Si fanno i conti dei danni e, evidentemente, con il rammarico di alcuni, non si elencano vetrine rotte, ma solo biglietti invenduti: è calata l’affluenza.

Naturalmente si tenta di addebitare il calo alla minaccia rappresentata dai manifestanti (che si sono mantenuti ben lontani dal Lingotto, come in doverosa cultura legalitaria avevano concordato con il prefetto, e che per giunta erano solo poche migliaia), senza ombra d’autocritica e d’allusione al peso dell’allarmismo diffuso. Se si scrive una volta, due volte, tre volte che il sabato sarà un girone d’inferno attorno al Lingotto, è ovvio che molti preferiscana rimanere a casa. Agitando lo spettro della guerra civile, sono un po’ riusciti nell’impresa: il boicottaggio

Che non sia successo nulla è un sollievo.

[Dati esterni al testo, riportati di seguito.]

lemma AE_finite_moved_drive_balls:
  assumes b: "\<beta> > 1" and lm: "line_measure \<mu>" and pp: "poisson_process M (road_intensity \<mu> \<beta>) R"
    and pos: "\<forall>\<omega>\<in>space M. R \<omega> \<subseteq> lines \<times> {0<..}"
    and ball: "AE \<omega> in M. finite {x \<in> TV. drive_time R \<omega> troot x \<le> ennreal t}"
  shows "AE \<omega> in M. \<forall>u\<in>TV.
           finite {y \<in> TV. drive_time (moved_roads (left_mult_word (rev u)) R) \<omega> troot y \<le> ennreal t}"
proof -
  have "AE \<omega> in M. finite {y \<in> TV. drive_time (moved_roads (left_mult_word (rev u)) R) \<omega> troot y \<le> ennreal t}"
    if "u \<in> TV" for u
  proof -
    have a: "tree_aut (left_mult_word (rev u))"
      using TV_letters[OF that] by (intro tree_aut_left_mult_word) auto
    show ?thesis
      by (rule AE_finite_drive_ball_transfer[OF lm b pp poisson_process_moved_roads[OF lm a pp]
          pos moved_roads_pos[OF pos a] ball])
  qed
  then show ?thesis
    by (subst AE_ball_countable) (simp_all add: countable_subset[of _ UNIV])
qed

theorem mainTheorem8:
  fixes M :: "'w measure" and Roads :: "'w \<Rightarrow> (nat list set \<times> real) set"
    and \<mu> :: "nat list set measure" and \<beta> :: real
  assumes "\<beta> > 1"
    and "line_measure \<mu>"
    and "poisson_process M (road_intensity \<mu> \<beta>) Roads"
    and "\<forall>\<omega>\<in>space M. Roads \<omega> \<subseteq> lines \<times> {0<..}"
    and "\<exists>t>0. AE \<omega> in M. finite {x \<in> TV. drive_time Roads \<omega> troot x \<le> ennreal t}"
  shows "AE \<omega> in M. \<forall>x. root_ray x \<longrightarrow>
           (\<Sum>n. drive_time Roads \<omega> (x n) (x (Suc n))) = \<infinity>"
proof -
  obtain t where "t > 0" and ball: "AE \<omega> in M. finite {x \<in> TV. drive_time Roads \<omega> troot x \<le> ennreal t}"
    using assms(5) by blast
  show ?thesis
    using AE_finite_moved_drive_balls[OF assms(1-4) ball] AE_space
  proof eventually_elim
    case (elim \<omega>)
    then have "Roads \<omega> \<subseteq> lines \<times> UNIV"
      using assms(4) by auto
    then show ?case
      using elim(1) infinite_drive_ball_of_finite_ray[of _ Roads \<omega> t, OF _ _ \<open>t > 0\<close>] by auto
  qed
qed

end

La dimostrazione che si possano manifestare anche in modo fragoroso convinzioni aspre nella loro alterità, senza danni, senza botte, senza lacrimogeni in mezzo, conforta. Sta nelle regole e nelle espressioni della democrazia.

Peccato che a Torino, malgrado i tentativi di molti, si sia persa una occasione. Non si sarebbe suggellata tra le bancarelle del Salone la pace in Israele, in quelle stanze non si sarebbe costruita una speranza di vita per i palestinesi, ma un segnale lo si sarebbe potuto dare. Detto che lo Stato d’Israele non si tocca, forse si sarebbe potuto discutere del suo governo. Soprattutto si sarebbero potute esaltare, tra le differenze, le contiguità della cultura degli uni e degli altri, il malessere di una parte e lo strazio dell’altra, sconfessare certe immagini militaresche e bombarole. In quella terra tormentata (usiamo pure il plurale: in quelle terre tormentate) ci sono anime che soffrono e menti che si tormentano: la cultura, a interrogarla senza reticenze, ne offrirebbe un quadro ricco.

Peccato che le domande siano rimaste in silenzio. Colpa di chi ha pensato che bastasse un corteo per porle e di chi non ha osato abbastanza per raccoglierle. Sinceramente pensiamo che dal Salone del libro, ventennale ormai, sarebbe stato necessario il coraggio di rappresentare con la certezza di uno Stato anche la conseguenza dei conflitti. Ma, come qualcuno ha già scritto e detto, la complessità è una parola che mette paura.